Appellant is confined in the Washington state penitentiary under a fifteen year sentence. Some time after his commitment to that institution a complaint against him alleging the offense of grand larceny was filed in the county court of Butler county, Kansas, and a warrant for his arrest was issued. On March 3, 1966, a copy of this warrant and a detainer for appellant were filed with the penal authorities in Washington. Thereafter appellant filed in the district court of Butler county a petition denominated “Application For The Writ Habeas Corpus Ad Prosequendum” reciting the facts above set forth, and further, that the filing of the detainer warrant blocked his opportunities for clemency or conditional pardon on his Washington sentence and prohibited him from taking part in many rehabilitation programs or from becoming a trusty. He asked speedy trial of the charge against him, or in the alternative its dismissal.

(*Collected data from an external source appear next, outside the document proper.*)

(* Let $k$ be finite, $L\in\mathbb{R}^{k\times k}$ any nonnegative task loss matrix, $\Phi:\mathbb{R}^k\times\{1,\dots,k\}\to\mathbb{R}$ a surrogate loss that is continuous and bounded from below, and $\mathcal{F}\subseteq\mathbb{R}^k$ a subspace of scores. Then $$H_{\Phi,L,\mathcal{F}}(\varepsilon)=\min_{i,j\in\mathrm{pred}(\mathcal{F}),\,i\ne j}H_{ij}(\varepsilon),$$ where $\mathrm{pred}(\mathcal{F})=\{\mathrm{pred}(f):f\in\mathcal{F}\}$ and $$H_{ij}(\varepsilon)=\inf_{f,q}\ \delta\phi(f,q)\ \text{ s.t. } \ell_i(q)\le\ell_j(q)-\varepsilon;\ \ell_i(q)\le\ell_c(q)\ \forall c\in\mathrm{pred}(\mathcal{F});\ f_j\ge f_c\ \forall c\in\mathrm{pred}(\mathcal{F});\ f\in\mathcal{F};\ q\in\Delta_k,$$ with $\ell_c(q)=(Lq)_c$.
   Context: $\mathrm{pred}(f)$ is the smallest index maximizing $f_c$. For $q\in\Delta_k$: $\ell(f,q)=\sum_cq_cL(\mathrm{pred}(f),c)$, $\phi(f,q)=\sum_cq_c\Phi(f,c)$, $\delta\ell(f,q)=\ell(f,q)-\inf_{\hat f\in\mathcal{F}}\ell(\hat f,q)$, $\delta\phi(f,q)=\phi(f,q)-\inf_{\hat f\in\mathcal{F}}\phi(\hat f,q)$. Calibration function: $H_{\Phi,L,\mathcal{F}}(\varepsilon)=\inf\{\delta\phi(f,q):f\in\mathcal{F},q\in\Delta_k,\delta\ell(f,q)\ge\varepsilon\}$ ($+\infty$ if empty). Infima over empty sets are $+\infty$. *)

theory Defs
  imports "HOL-Analysis.Analysis" "HOL-Library.Extended_Real"
begin

text \<open>Classes are the elements of a finite, well-ordered type 'n (k = CARD('n)).
Scores are vectors f :: (real,'n) vec; the task loss is a matrix L :: ((real,'n) vec,'n) vec with
entry L(i,c) = L$i$c; the surrogate is Phi :: (real,'n) vec => 'n => real.\<close>

definition pred :: "(real,'n::{finite,wellorder}) vec \<Rightarrow> 'n" where
  "pred f = (LEAST c. \<forall>c'. f$c' \<le> f$c)"

definition prob_simplex :: "(real,'n::finite) vec set" where
  "prob_simplex = {q. (\<forall>c. 0 \<le> q$c) \<and> (\<Sum>c\<in>UNIV. q$c) = 1}"

definition task_loss :: "((real,'n::{finite,wellorder}) vec,'n) vec \<Rightarrow> (real,'n) vec \<Rightarrow> (real,'n) vec \<Rightarrow> real" where
  "task_loss L f q = (\<Sum>c\<in>UNIV. q$c * L$(pred f)$c)"

definition surr_loss :: "(real^('n::finite) \<Rightarrow> 'n \<Rightarrow> real) \<Rightarrow> (real,'n) vec \<Rightarrow> (real,'n) vec \<Rightarrow> real" where
  "surr_loss Phi f q = (\<Sum>c\<in>UNIV. q$c * Phi f c)"

definition excess_task :: "((real,'n::{finite,wellorder}) vec,'n) vec \<Rightarrow> ((real,'n) vec) set \<Rightarrow> (real,'n) vec \<Rightarrow> (real,'n) vec \<Rightarrow> real" where
  "excess_task L F f q = task_loss L f q - (INF g\<in>F. task_loss L g q)"

definition excess_surr :: "((real,'n) vec \<Rightarrow> 'n \<Rightarrow> real) \<Rightarrow> ((real,'n) vec) set \<Rightarrow> real^('n::finite) \<Rightarrow> (real,'n) vec \<Rightarrow> real" where
  "excess_surr Phi F f q = surr_loss Phi f q - (INF g\<in>F. surr_loss Phi g q)"

text \<open>Calibration function (infimum over the empty set is +infinity).\<close>
definition calib :: "((real,'n::{finite,wellorder}) vec \<Rightarrow> 'n \<Rightarrow> real) \<Rightarrow> ((real,'n) vec,'n) vec \<Rightarrow> ((real,'n) vec) set \<Rightarrow> real \<Rightarrow> ereal" where
  "calib Phi L F eps = Inf {ereal (excess_surr Phi F f q) | f q.
      f \<in> F \<and> q \<in> prob_simplex \<and> excess_task L F f q \<ge> eps}"

definition ell_c :: "real^('n::finite)^'n \<Rightarrow> (real,'n) vec \<Rightarrow> 'n \<Rightarrow> real" where
  "ell_c L q c = (L *v q)$c"

definition H_ij :: "((real,'n::{finite,wellorder}) vec \<Rightarrow> 'n \<Rightarrow> real) \<Rightarrow> ((real,'n) vec,'n) vec \<Rightarrow> ((real,'n) vec) set \<Rightarrow> 'n \<Rightarrow> 'n \<Rightarrow> real \<Rightarrow> ereal" where
  "H_ij Phi L F i j eps = Inf {ereal (excess_surr Phi F f q) | f q.
      f \<in> F \<and> q \<in> prob_simplex \<and>
      ell_c L q i \<le> ell_c L q j - eps \<and>
      (\<forall>c\<in>pred ` F. ell_c L q i \<le> ell_c L q c) \<and>
      (\<forall>c\<in>pred ` F. f$c \<le> f$j)}"

end

theory Submission
  imports Defs
begin

text \<open>Since the task loss only depends on pred f, the excess task loss of f equals
ell_{pred f}(q) - min_{c \<in> pred F} ell_c(q). A feasible point of the calibration problem
therefore satisfies the constraints of H_ij with j = pred f and i an argmin of ell over pred F.
Conversely, given a feasible (f, q) of H_ij, choose g \<in> F with pred g = j: for every t > 0 the
score f + t g lies in F and predicts j, because f is maximal at j on all coordinates and g breaks
the ties in favour of j. So f + t g is feasible for the calibration problem, and letting t \<rightarrow> 0
the continuity of Phi gives calib \<le> \<delta>\<phi>(f, q).\<close>

lemma pred_maximal:
  fixes f :: "(real,'n::{finite,wellorder}) vec"
  shows "f $ c \<le> f $ pred f"
proof -
  have "Max (range (($) f)) \<in> range (($) f)"
    by (intro Max_in) auto
  then obtain m where "f $ m = Max (range (($) f))"
    by (metis rangeE)
  then have "\<forall>c'. f $ c' \<le> f $ m"
    by simp
  then have "\<forall>c'. f $ c' \<le> f $ pred f"
    unfolding pred_def by (rule LeastI)
  then show ?thesis by blast
qed

lemma pred_least:
  fixes f :: "(real,'n::{finite,wellorder}) vec"
  assumes "\<forall>c'. f $ c' \<le> f $ c"
  shows "pred f \<le> c"
  unfolding pred_def using assms by (rule Least_le)

lemma pred_less_before:
  fixes f :: "(real,'n::{finite,wellorder}) vec"
  assumes "c < pred f"
  shows "f $ c < f $ pred f"
proof (rule ccontr)
  assume "\<not> f $ c < f $ pred f"
  then have "\<forall>c'. f $ c' \<le> f $ c"
    using pred_maximal[of f] by (meson not_less order_trans)
  then show False
    using pred_least assms by (metis not_le)
qed

lemma pred_eqI:
  fixes f :: "(real,'n::{finite,wellorder}) vec"
  assumes "\<forall>c. f $ c \<le> f $ j" and "\<forall>c<j. f $ c < f $ j"
  shows "pred f = j"
  unfolding pred_def
proof (rule Least_equality)
  show "\<forall>c'. f $ c' \<le> f $ j" using assms(1) .
  show "j \<le> y" if "\<forall>c'. f $ c' \<le> f $ y" for y
    using that assms(2) by (meson not_le not_less)
qed

lemma pred_add_scaleR:
  fixes f g :: "(real,'n::{finite,wellorder}) vec"
  assumes "\<forall>c. f $ c \<le> f $ pred g" and "0 < t"
  shows "pred (f + t *\<^sub>R g) = pred g"
proof (rule pred_eqI)
  show "\<forall>c. (f + t *\<^sub>R g) $ c \<le> (f + t *\<^sub>R g) $ pred g"
    using assms pred_maximal[of g] by (simp add: add_mono mult_left_mono)
  show "\<forall>c<pred g. (f + t *\<^sub>R g) $ c < (f + t *\<^sub>R g) $ pred g"
    using assms pred_less_before[of _ g] by (simp add: add_le_less_mono)
qed

lemma task_loss_eq_ell_c: "task_loss L f q = ell_c L q (pred f)"
  unfolding task_loss_def ell_c_def matrix_vector_mult_def by (simp add: mult.commute)

lemma INF_task_loss_eq_Min:
  assumes "F \<noteq> {}"
  shows "(INF g\<in>F. task_loss L g q) = Min (ell_c L q ` pred ` F)"
proof -
  have "(\<lambda>g. task_loss L g q) ` F = ell_c L q ` pred ` F"
    by (simp add: task_loss_eq_ell_c image_image)
  then show ?thesis
    using assms by (simp add: cInf_eq_Min)
qed

lemma excess_task_eq:
  assumes "F \<noteq> {}"
  shows "excess_task L F f q = ell_c L q (pred f) - Min (ell_c L q ` pred ` F)"
  unfolding excess_task_def INF_task_loss_eq_Min[OF assms] by (simp add: task_loss_eq_ell_c)

lemma excess_task_witness:
  assumes "F \<noteq> {}" and "eps \<le> excess_task L F f q" and "0 < eps"
  obtains i where "i \<in> pred ` F" and "i \<noteq> pred f"
    and "ell_c L q i \<le> ell_c L q (pred f) - eps"
    and "\<forall>c\<in>pred ` F. ell_c L q i \<le> ell_c L q c"
proof -
  have "Min (ell_c L q ` pred ` F) \<in> ell_c L q ` pred ` F"
    using assms(1) by (intro Min_in) auto
  then obtain i where i: "i \<in> pred ` F" and iM: "ell_c L q i = Min (ell_c L q ` pred ` F)"
    by (metis imageE)
  have "ell_c L q i \<le> ell_c L q (pred f) - eps"
    using assms(2) iM excess_task_eq[OF assms(1)] by simp
  moreover have "\<forall>c\<in>pred ` F. ell_c L q i \<le> ell_c L q c"
    using iM by simp
  ultimately show ?thesis
    using that i assms(3) by force
qed

lemma continuous_on_excess_surr:
  assumes "\<And>c. continuous_on UNIV (\<lambda>f. Phi f c)"
  shows "continuous_on UNIV (\<lambda>f. excess_surr Phi F f q)"
  unfolding excess_surr_def surr_loss_def by (intro continuous_intros assms)

lemma calib_le_excess_surr:
  fixes L :: "((real,'n::{finite,wellorder}) vec,'n) vec"
  assumes F: "subspace F"
    and Phi_cont: "\<And>c. continuous_on UNIV (\<lambda>f. Phi f c)"
    and f: "f \<in> F" and q: "q \<in> prob_simplex"
    and i: "i \<in> pred ` F" and j: "j \<in> pred ` F"
    and gap: "ell_c L q i \<le> ell_c L q j - eps"
    and f_max: "\<forall>c\<in>pred ` F. f $ c \<le> f $ j"
  shows "calib Phi L F eps \<le> ereal (excess_surr Phi F f q)"
proof -
  obtain g where g: "g \<in> F" and gj: "pred g = j"
    using j by blast
  define h where "h t = f + t *\<^sub>R g" for t :: real
  have f_max_all: "\<forall>c. f $ c \<le> f $ pred g"
    using gj f_max pred_maximal[of f] f by (meson image_eqI order_trans)
  have F_ne: "F \<noteq> {}"
    using f by blast
  have bound: "calib Phi L F eps \<le> ereal (excess_surr Phi F (h t) q)" if "0 < t" for t
  proof -
    have "pred (h t) = j"
      unfolding h_def using pred_add_scaleR[OF f_max_all that] gj by simp
    moreover have "Min (ell_c L q ` pred ` F) \<le> ell_c L q i"
      using i by simp
    ultimately have "eps \<le> excess_task L F (h t) q"
      using gap excess_task_eq[OF F_ne] by simp
    moreover have "h t \<in> F"
      unfolding h_def using F f g by (simp add: subspace_add subspace_scale)
    ultimately show ?thesis
      unfolding calib_def using q by (intro Inf_lower) blast
  qed
  have "\<forall>\<^sub>F t in at_right 0. calib Phi L F eps \<le> ereal (excess_surr Phi F (h t) q)"
    using eventually_at_right_less[of "0::real"] by (rule eventually_mono) (rule bound)
  moreover have "(h \<longlongrightarrow> f + 0 *\<^sub>R g) (at_right 0)"
    unfolding h_def by (intro tendsto_intros)
  then have "((\<lambda>t. excess_surr Phi F (h t) q) \<longlongrightarrow> excess_surr Phi F f q) (at_right 0)"
    using continuous_on_tendsto_compose[OF continuous_on_excess_surr[OF Phi_cont]] by simp
  ultimately show ?thesis
    by (intro tendsto_le[OF trivial_limit_at_right_real tendsto_ereal tendsto_const])
qed

theorem lemma10:
  fixes L :: "((real,'n::{finite,wellorder}) vec,'n) vec"
    and Phi :: "(real,'n) vec \<Rightarrow> 'n \<Rightarrow> real"
    and F :: "((real,'n) vec) set"
    and eps :: real
  assumes L_nonneg: "\<And>i c. 0 \<le> L$i$c"
    and Phi_cont: "\<And>c. continuous_on UNIV (\<lambda>f. Phi f c)"
    and Phi_bdd: "\<exists>B. \<forall>f c. B \<le> Phi f c"
    and F_subspace: "subspace F"
    and eps_pos: "0 < eps"
  shows "calib Phi L F eps =
           (INF ij \<in> {(i, j). i \<in> pred ` F \<and> j \<in> pred ` F \<and> i \<noteq> j}.
              H_ij Phi L F (fst ij) (snd ij) eps)"
proof (rule antisym)
  show "calib Phi L F eps \<le> (INF ij \<in> {(i, j). i \<in> pred ` F \<and> j \<in> pred ` F \<and> i \<noteq> j}.
          H_ij Phi L F (fst ij) (snd ij) eps)"
  proof (rule INF_greatest)
    fix ij assume "ij \<in> {(i, j). i \<in> pred ` F \<and> j \<in> pred ` F \<and> i \<noteq> j}"
    then obtain i j where ij: "ij = (i, j)" "i \<in> pred ` F" "j \<in> pred ` F"
      by blast
    show "calib Phi L F eps \<le> H_ij Phi L F (fst ij) (snd ij) eps"
      unfolding H_ij_def ij(1) fst_conv snd_conv
      using calib_le_excess_surr[OF F_subspace Phi_cont _ _ ij(2,3)]
      by (intro Inf_greatest) (elim CollectE exE conjE, simp)
  qed
next
  have F_ne: "F \<noteq> {}"
    using subspace_0[OF F_subspace] by blast
  show "(INF ij \<in> {(i, j). i \<in> pred ` F \<and> j \<in> pred ` F \<and> i \<noteq> j}.
          H_ij Phi L F (fst ij) (snd ij) eps) \<le> calib Phi L F eps"
    unfolding calib_def
  proof (rule Inf_greatest)
    fix x assume "x \<in> {ereal (excess_surr Phi F f q) | f q.
      f \<in> F \<and> q \<in> prob_simplex \<and> excess_task L F f q \<ge> eps}"
    then obtain f q where x: "x = ereal (excess_surr Phi F f q)" and f: "f \<in> F"
      and q: "q \<in> prob_simplex" and ex: "eps \<le> excess_task L F f q"
      by blast
    obtain i where i: "i \<in> pred ` F" "i \<noteq> pred f"
      and "ell_c L q i \<le> ell_c L q (pred f) - eps"
      and "\<forall>c\<in>pred ` F. ell_c L q i \<le> ell_c L q c"
      using excess_task_witness[OF F_ne ex eps_pos] .
    moreover have "\<forall>c\<in>pred ` F. f $ c \<le> f $ pred f"
      using pred_maximal by blast
    ultimately have "H_ij Phi L F i (pred f) eps \<le> x"
      unfolding H_ij_def x using f q by (intro Inf_lower CollectI exI conjI) auto
    then show "(INF ij \<in> {(i, j). i \<in> pred ` F \<and> j \<in> pred ` F \<and> i \<noteq> j}.
          H_ij Phi L F (fst ij) (snd ij) eps) \<le> x"
      using i f by (intro INF_lower2[of "(i, pred f)"]) auto
  qed
qed

end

It does not appear that appellant has ever .been in the custody of Kansas authorities on the Butler county charge.

The district court of Butler county, after appointing counsel for appellant, held a hearing on the matter on October 3, 1966, and denied the petition and the relief sought.

Neither of present counsel participated in that hearing and we are not advised as to what, if any, evidence was considered, other than an affidavit by appellant as to how his rights in the Washington penitentiary were affected. Appellant’s present counsel is court-appointed for the purpose of this appeal, his previous attorney having since been appointed deputy county attorney of Butler county. Appellee Darrell C. Mitchell has assumed the office of county attorney of Butler county since the hearing in the court below.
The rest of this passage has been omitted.